### Your assignment
Your answer should repeat every line of the records below in which the word "finite" appears.

***** Data in this exercise

lemma exists_seq_nested_nbhds:
  fixes H :: "'a::{metric_space, ab_group_add} set"
  assumes "topological_group_ax TYPE('a)" "uncountable_near_zero H"
    and "\<And>G. countable G \<Longrightarrow> countable (H \<inter> E G)"
  shows "\<exists>a W. (\<forall>k. a k \<in> H - E (int_span a k)) \<and> (\<forall>K. 0 \<in> W K \<and> W K \<subseteq> stable_nbhd a K) \<and>
    (\<forall>K y m. y \<in> W (Suc K) \<longrightarrow> \<bar>m\<bar> \<le> int K * fact K \<longrightarrow> zscale m (a K) + y \<in> W K)"
proof -
  \<comment> \<open>The state of the recursion is the sequence chosen so far, of which only the first \<open>K\<close>
    terms matter, together with the current neighbourhood.\<close>
  define P where "P K bW \<longleftrightarrow> open (snd bW) \<and> 0 \<in> snd bW \<and> snd bW \<subseteq> stable_nbhd (fst bW) K"
    for K and bW :: "(nat \<Rightarrow> 'a) \<times> 'a set"
  define Q where "Q K bW bW' \<longleftrightarrow> fst bW' = (fst bW)(K := fst bW' K) \<and>
      fst bW' K \<in> H - E (int_span (fst bW) K) \<and>
      (\<forall>y\<in>snd bW'. \<forall>m. \<bar>m\<bar> \<le> int K * fact K \<longrightarrow> zscale m (fst bW' K) + y \<in> snd bW)"
    for K and bW bW' :: "(nat \<Rightarrow> 'a) \<times> 'a set"
  have "P 0 (\<lambda>_. 0, stable_nbhd (\<lambda>_. 0) 0)"
    by (simp add: P_def open_stable_nbhd[OF assms(1)] zero_in_stable_nbhd)
  moreover have "\<exists>bW'. P (Suc K) bW' \<and> Q K bW bW'" if "P K bW" for K bW
  proof -
    from that have "open (snd bW)" "0 \<in> snd bW"
      by (simp_all add: P_def)
    then obtain x W' where "x \<in> H - E (int_span (fst bW) K)" "open W'" "0 \<in> W'"
        "W' \<subseteq> stable_nbhd ((fst bW)(K := x)) (Suc K)"
        "\<forall>y\<in>W'. \<forall>m. \<bar>m\<bar> \<le> int K * fact K \<longrightarrow> zscale m x + y \<in> snd bW"
      using exists_next_term[where a = "fst bW" and K = K,
          OF assms(1,2) assms(3)[OF countable_int_span]]
      by blast
    then have "P (Suc K) ((fst bW)(K := x), W') \<and> Q K bW ((fst bW)(K := x), W')"
      by (simp add: P_def Q_def)
    then show ?thesis ..
  qed
  ultimately obtain f where f: "\<And>K. P K (f K) \<and> Q K (f K) (f (Suc K))"
    using dependent_nat_choice[of P Q] by blast
  define a where "a k = fst (f (Suc k)) k" for k
  have prefix: "i < K \<Longrightarrow> fst (f K) i = a i" for i K
    unfolding a_def using f by (intro fun_upd_chain_diagonal[of "\<lambda>K. fst (f K)"]) (simp add: Q_def)
  have next_term: "a k \<in> H - E (int_span (fst (f k)) k)" for k
    using f[of k] by (simp add: Q_def a_def)
  show ?thesis
  proof (intro exI[of _ a] exI[of _ "\<lambda>K. snd (f K)"] conjI allI impI)
    show "a k \<in> H - E (int_span a k)" for k
      using next_term[of k] int_span_cong[of k "fst (f k)" a] prefix by simp
    show "0 \<in> snd (f K)" "snd (f K) \<subseteq> stable_nbhd a K" for K
      using f[of K] stable_nbhd_cong[of K "fst (f K)" a] prefix by (simp_all add: P_def)
    show "zscale m (a K) + y \<in> snd (f K)"
      if "y \<in> snd (f (Suc K))" "\<bar>m\<bar> \<le> int K * fact K" for K y m
      using f[of K] that by (simp add: Q_def a_def)
  qed
qed
text \<open>For \<open>a \<in> I\<close> and \<open>u \<in> M\<close>, the product \<open>emb(a) u\<close> lies in
  \<open>R\<close>, and its projection lies in \<open>(a A : I)\<close>: for \<open>x \<in> I\<close> one has
  \<open>emb(x) (emb(a) u) = emb(a) (emb(x) u)\<close> with \<open>emb(x) u \<in> R\<close>.\<close>
lemma inverse_times_emb_in_colon:
  assumes I: "I \<subseteq> carrier A" and I': "I' \<subseteq> carrier R" and emb_I: "emb ` I \<subseteq> I'"
    and a: "a \<in> I"
    and IM: "ideal_frac_prod R I' M = canon R ` carrier R" and M: "M \<subseteq> fracs R" and u: "u \<in> M"
  obtains t where "t \<in> carrier R" "qmul R (canon R (emb a)) u = canon R t"
    "proj t \<in> principal_colon A a I"
proof -
  have in_ring: "\<exists>t \<in> carrier R. qmul R (canon R (emb x)) u = canon R t" if "x \<in> I" for x
    using R.invertible_product_in_ring[OF IM M I'] emb_I u that by blast
  have emb_carrier: "emb x \<in> carrier R" if "x \<in> I" for x
    using that I ring_hom_closed[OF emb_hom] by blast
  obtain t where t: "t \<in> carrier R" "qmul R (canon R (emb a)) u = canon R t"
    using in_ring[OF a] by blast
  have "proj t \<in> principal_colon A a I"
    unfolding principal_colon_def
  proof (intro CollectI conjI ballI)
    show "proj t \<in> carrier A" using ring_hom_closed[OF proj_hom t(1)] .
    fix x assume x: "x \<in> I"
    obtain t' where t': "t' \<in> carrier R" "qmul R (canon R (emb x)) u = canon R t'"
      using in_ring[OF x] by blast
    have ea: "emb a \<in> carrier R" and ex: "emb x \<in> carrier R" using a x by (auto intro: emb_carrier)
    have uf: "u \<in> fracs R" using u M by auto
    have "canon R (emb x \<otimes>\<^bsub>R\<^esub> t) = qmul R (canon R (emb x)) (qmul R (canon R (emb a)) u)"
      using ex t by (simp add: R.qmul_canon)
    also have "\<dots> = qmul R (canon R (emb a)) (qmul R (canon R (emb x)) u)"
      using ea ex uf by (simp add: R.qmul_left_commute R.canon_in)
    also have "\<dots> = canon R (emb a \<otimes>\<^bsub>R\<^esub> t')" using ea t' by (simp add: R.qmul_canon)
    finally have "emb x \<otimes>\<^bsub>R\<^esub> t = emb a \<otimes>\<^bsub>R\<^esub> t'" using ea ex t t' by (intro R.canon_inj) auto
    then have "proj (emb x \<otimes>\<^bsub>R\<^esub> t) = proj (emb a \<otimes>\<^bsub>R\<^esub> t')" by simp
    moreover have "x \<in> carrier A" "a \<in> carrier A" using x a I by auto
    ultimately have "x \<otimes>\<^bsub>A\<^esub> proj t = a \<otimes>\<^bsub>A\<^esub> proj t'"
      using ea ex t t' by (simp add: ring_hom_mult[OF proj_hom] proj_emb)
    then show "\<exists>w \<in> carrier A. x \<otimes>\<^bsub>A\<^esub> proj t = a \<otimes>\<^bsub>A\<^esub> w"
      using ring_hom_closed[OF proj_hom t'(1)] by blast
  qed
  then show ?thesis using t that by blast
qed
lemma card_common_lines_reachable:
  fixes f :: "'a::{finite,ab_group_add} \<Rightarrow> 'b::{finite,ab_group_add}"
  assumes "CARD('a) = CARD('b)" and "semi_planar f" and "splits_into_two f"
    and "reachable f (Inl p) (Inl q)" and "fst p \<noteq> fst q"
  shows "card {L. incident f p L \<and> incident f q L} = 2"
proof -
  have "q \<in> {q. reachable f (Inl p) (Inl q) \<and> fst q \<noteq> fst p}"
    using assms(4,5) by simp
  then have "{L. incident f p L \<and> incident f q L} \<noteq> {}"
    unfolding collinear_points_eq_component[OF assms(1-3), symmetric] by blast
  then show ?thesis
    using semi_planar_card_common_lines[OF assms(2,5)]
    by (metis card_eq_0_iff empty_iff finite insert_iff)
qed

lemma divisible_by_fibres:
  assumes "\<And>p q. p \<in> P \<Longrightarrow> q \<in> P \<Longrightarrow> g p = g q \<Longrightarrow> p \<noteq> q \<Longrightarrow> {L \<in> B. I p L \<and> I q L} = {}"
    and "\<And>p q. p \<in> P \<Longrightarrow> q \<in> P \<Longrightarrow> g p \<noteq> g q \<Longrightarrow> card {L \<in> B. I p L \<and> I q L} = 2"
  shows "divisible P B I"
  unfolding divisible_def
proof (intro exI[of _ "(\<lambda>x. {p \<in> P. g p = x}) ` g ` P"] conjI ballI impI)
  show "partition_on P ((\<lambda>x. {p \<in> P. g p = x}) ` g ` P)"
    unfolding partition_on_def disjoint_def by auto
next
  fix c p q assume "c \<in> (\<lambda>x. {p \<in> P. g p = x}) ` g ` P" "p \<in> c" "q \<in> c" "p \<noteq> q"
  then have "p \<in> P" "q \<in> P" "g p = g q" by auto
  then show "{L \<in> B. I p L \<and> I q L} = {}"
    using assms(1) \<open>p \<noteq> q\<close> by simp
next
  fix c d p q
  assume "c \<in> (\<lambda>x. {p \<in> P. g p = x}) ` g ` P" "d \<in> (\<lambda>x. {p \<in> P. g p = x}) ` g ` P"
    and "c \<noteq> d" "p \<in> c" "q \<in> d"
  then have "p \<in> P" "q \<in> P" "g p \<noteq> g q" by auto
  then show "card {L \<in> B. I p L \<and> I q L} = 2"
    by (rule assms(2))
qed
lemma sum_mult_ip_shift:
  fixes a g :: "nat \<Rightarrow> 'a::semiring_0"
  assumes "0 < n"
  shows "(\<Sum>i<n. a i * g (ip n i)) = (\<Sum>i<n. a (im n i) * g i)"
proof -
  have "(\<Sum>i<n. a (im n i) * g (ip n (im n i))) = (\<Sum>i<n. a (im n (ip n i)) * g (ip n i))"
    by (rule sum_mult_im_shift[OF assms])
  moreover have "(\<Sum>i<n. a (im n i) * g (ip n (im n i))) = (\<Sum>i<n. a (im n i) * g i)"
    by (rule sum.cong) (auto simp: ip_im)
  moreover have "(\<Sum>i<n. a (im n (ip n i)) * g (ip n i)) = (\<Sum>i<n. a i * g (ip n i))"
    by (rule sum.cong) (auto simp: im_ip)
  ultimately show ?thesis
    by simp
qed

lemma grid_sum_mult_d1:
  fixes a g :: "'a::real_algebra grid"
  assumes "0 < nx"
  shows "(\<Sum>i<nx. \<Sum>j<ny. a i j * d1 nx dx g i j) = - (\<Sum>i<nx. \<Sum>j<ny. d1p nx dx a i j * g i j)"
proof -
  have "(\<Sum>i<nx. a i j * g (im nx i) j) = (\<Sum>i<nx. a (ip nx i) j * g i j)" for j
    using sum_mult_im_shift[OF assms, of "\<lambda>i. a i j" "\<lambda>i. g i j"] .
  then show ?thesis
    by (subst (1 2) sum.swap)
      (simp add: d1_def d1p_def algebra_simps sum_subtractf sum_negf flip: scaleR_sum_right)
qed

lemma grid_sum_mult_d1bar:
  fixes a g :: "'a::real_algebra grid"
  assumes "0 < nx"
  shows "(\<Sum>i<nx. \<Sum>j<ny. a i j * d1bar nx dx g i j) = - (\<Sum>i<nx. \<Sum>j<ny. d1bar nx dx a i j * g i j)"
proof -
  have "(\<Sum>i<nx. a i j * g (im nx i) j) = (\<Sum>i<nx. a (ip nx i) j * g i j)"
    "(\<Sum>i<nx. a i j * g (ip nx i) j) = (\<Sum>i<nx. a (im nx i) j * g i j)" for j
    using sum_mult_im_shift[OF assms, of "\<lambda>i. a i j" "\<lambda>i. g i j"]
      sum_mult_ip_shift[OF assms, of "\<lambda>i. a i j" "\<lambda>i. g i j"] by simp_all
  then show ?thesis
    by (subst (1 2) sum.swap)
      (simp add: d1bar_def algebra_simps sum_subtractf sum_negf flip: scaleR_sum_right)
qed

lemma grid_sum_mult_d2:
  fixes a g :: "'a::real_algebra grid"
  assumes "0 < ny"
  shows "(\<Sum>i<nx. \<Sum>j<ny. a i j * d2 ny dy g i j) = - (\<Sum>i<nx. \<Sum>j<ny. d2p ny dy a i j * g i j)"
proof -
  have "(\<Sum>j<ny. a i j * g i (im ny j)) = (\<Sum>j<ny. a i (ip ny j) * g i j)" for i
    using sum_mult_im_shift[OF assms, of "a i" "g i"] .
  then show ?thesis
    by (simp add: d2_def d2p_def algebra_simps sum_subtractf sum_negf flip: scaleR_sum_right)
qed

lemma grid_sum_mult_d2bar:
  fixes a g :: "'a::real_algebra grid"
  assumes "0 < ny"
  shows "(\<Sum>i<nx. \<Sum>j<ny. a i j * d2bar ny dy g i j) = - (\<Sum>i<nx. \<Sum>j<ny. d2bar ny dy a i j * g i j)"
proof -
  have "(\<Sum>j<ny. a i j * g i (im ny j)) = (\<Sum>j<ny. a i (ip ny j) * g i j)"
    "(\<Sum>j<ny. a i j * g i (ip ny j)) = (\<Sum>j<ny. a i (im ny j) * g i j)" for i
    using sum_mult_im_shift[OF assms, of "a i" "g i"] sum_mult_ip_shift[OF assms, of "a i" "g i"]
    by simp_all
  then show ?thesis
    by (simp add: d2bar_def algebra_simps sum_subtractf sum_negf flip: scaleR_sum_right)
qed

text \<open>Summation by parts turns both sides into one bilinear form in the discrete derivatives
  of \<open>a\<close> and \<open>v\<close>, symmetric in \<open>a\<close> and \<open>v\<close>.\<close>
lemma grid_sum_inner_capT_symmetric:
  assumes nx: "0 < nx" and ny: "0 < ny"
  shows "(\<Sum>i<nx. \<Sum>j<ny. a i j \<bullet> capT nx ny dx dy F Fp iface \<rho> v i j)
       = (\<Sum>i<nx. \<Sum>j<ny. v i j \<bullet> capT nx ny dx dy F Fp iface \<rho> a i j)"
  by (simp only: capT_def Let_def inner_prod_def inner_real_def fst_conv snd_conv
      distrib_left sum.distrib grid_sum_mult_d1[OF nx] grid_sum_mult_d2[OF ny]
      grid_sum_mult_d1bar[OF nx] grid_sum_mult_d2bar[OF ny])
    (simp add: mult_ac)

lemma step_eqs_absorb_rhs:
  assumes "step_eqs nx ny dx dy dt p c1 c2 \<rho> u w \<rho>' u' w' Ru Rw"
    and "dt \<noteq> 0" and "\<forall>i<nx. \<forall>j<ny. \<rho>' i j \<noteq> 0"
  shows "step_eqs nx ny dx dy dt p c1 c2 \<rho> u w \<rho>'
           (\<lambda>i j. u' i j - (dt / \<rho>' i j) *\<^sub>R Ru i j) (\<lambda>i j. w' i j - (dt / \<rho>' i j) *\<^sub>R Rw i j)
           (\<lambda>i j. 0) (\<lambda>i j. 0)"
proof -
  have absorb: "(1 / dt) *\<^sub>R (r *\<^sub>R (x - (dt / r) *\<^sub>R y) - z) = (1 / dt) *\<^sub>R (r *\<^sub>R x - z) - y"
    if "r \<noteq> 0" for r and x y z :: "real \<times> real"
    using that \<open>dt \<noteq> 0\<close> by (simp add: algebra_simps)
  show ?thesis
    using assms unfolding step_eqs_def Let_def by (simp add: absorb algebra_simps)
qed

lemma entropy_shift_ge:
  assumes "r > 0"
  shows "entropy F0 r u w - dt * (u \<bullet> R + w \<bullet> Q)
           \<le> entropy F0 r (u - (dt / r) *\<^sub>R R) (w - (dt / r) *\<^sub>R Q)"
proof -
  have expand: "r / 2 * (norm (x - (dt / r) *\<^sub>R y))\<^sup>2
      = r / 2 * (norm x)\<^sup>2 - dt * (x \<bullet> y) + dt\<^sup>2 / (2 * r) * (norm y)\<^sup>2" for x y :: "real \<times> real"
    unfolding power2_norm_eq_inner using assms
    by (simp add: inner_diff_left inner_diff_right inner_commute field_simps power2_eq_square)
  have "0 \<le> dt\<^sup>2 / (2 * r) * ((norm R)\<^sup>2 + (norm Q)\<^sup>2)"
    using assms by simp
  then show ?thesis
    unfolding entropy_def distrib_left expand by (simp add: algebra_simps)
qed

theorem mainTheorem2:
  fixes nx ny :: nat and dx dy dt :: real
    and K F F0 :: "real \<Rightarrow> real" and iface :: "real \<Rightarrow> real \<Rightarrow> real"
    and c1 c2 :: "real grid"
    and \<rho> \<rho>' :: "real grid" and u w u' w' :: "(real \<times> real) grid"
  assumes grid: "0 < nx" "0 < ny" "0 < dx" "0 < dy" "0 < dt"
    and K_smooth: "smooth_on {0<..} K" and K_pos: "\<forall>r>0. K r > 0"
    and F_deriv: "\<forall>r>0. (F has_real_derivative sqrt (K r * r)) (at r)"
    and F0_smooth: "smooth_on {0<..} F0"
    and rho_pos: "\<forall>i<nx. \<forall>j<ny. \<rho> i j > 0"
    and hyp_stable:
      "\<forall>\<rho>h uh wh. (\<forall>i<nx. \<forall>j<ny. \<rho>h i j > 0) \<longrightarrow>
         step_eqs nx ny dx dy dt (\<lambda>r. r * deriv F0 r - F0 r) c1 c2 \<rho> u w \<rho>h uh wh
                  (\<lambda>i j. 0) (\<lambda>i j. 0) \<longrightarrow>
         total_entropy nx ny F0 \<rho>h uh wh \<le> total_entropy nx ny F0 \<rho> u w"
    and rho'_pos: "\<forall>i<nx. \<forall>j<ny. \<rho>' i j > 0"
    and scheme:
      "step_eqs nx ny dx dy dt (\<lambda>r. r * deriv F0 r - F0 r) c1 c2 \<rho> u w \<rho>' u' w'
         (capT nx ny dx dy F (\<lambda>r. sqrt (K r * r)) iface \<rho>' w')
         (\<lambda>i j. - capT nx ny dx dy F (\<lambda>r. sqrt (K r * r)) iface \<rho>' u' i j)"
  shows "total_entropy nx ny F0 \<rho>' u' w' \<le> total_entropy nx ny F0 \<rho> u w"
proof -
  let ?T = "capT nx ny dx dy F (\<lambda>r. sqrt (K r * r)) iface \<rho>'"
  define uh where "uh i j = u' i j - (dt / \<rho>' i j) *\<^sub>R ?T w' i j" for i j
  define wh where "wh i j = w' i j - (dt / \<rho>' i j) *\<^sub>R -?T u' i j" for i j
  have "\<forall>i<nx. \<forall>j<ny. \<rho>' i j \<noteq> 0"
    using rho'_pos by fastforce
  then have "step_eqs nx ny dx dy dt (\<lambda>r. r * deriv F0 r - F0 r) c1 c2 \<rho> u w \<rho>' uh wh
          (\<lambda>i j. 0) (\<lambda>i j. 0)"
    unfolding uh_def wh_def using step_eqs_absorb_rhs[OF scheme] grid by simp
  then have hyperbolic_bound: "total_entropy nx ny F0 \<rho>' uh wh \<le> total_entropy nx ny F0 \<rho> u w"
    using hyp_stable rho'_pos by blast
  have "(\<Sum>i<nx. \<Sum>j<ny. u' i j \<bullet> ?T w' i j + w' i j \<bullet> -?T u' i j) = 0"
    using grid_sum_inner_capT_symmetric[OF grid(1,2), of u' _ _ _ _ _ _ w']
    by (simp add: sum_subtractf)
  then have "total_entropy nx ny F0 \<rho>' u' w'
      = (\<Sum>i<nx. \<Sum>j<ny. entropy F0 (\<rho>' i j) (u' i j) (w' i j)
                             - dt * (u' i j \<bullet> ?T w' i j + w' i j \<bullet> -?T u' i j))"
    unfolding total_entropy_def by (simp add: sum_subtractf flip: sum_distrib_left)
  also have "\<dots> \<le> total_entropy nx ny F0 \<rho>' uh wh"
    unfolding total_entropy_def uh_def wh_def
    by (intro sum_mono entropy_shift_ge) (use rho'_pos in auto)
  finally show ?thesis
    using hyperbolic_bound by linarith
qed

end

**********

### Expected answer
  fixes f :: "'a::{finite,ab_group_add} \<Rightarrow> 'b::{finite,ab_group_add}"
    by (metis card_eq_0_iff empty_iff finite insert_iff)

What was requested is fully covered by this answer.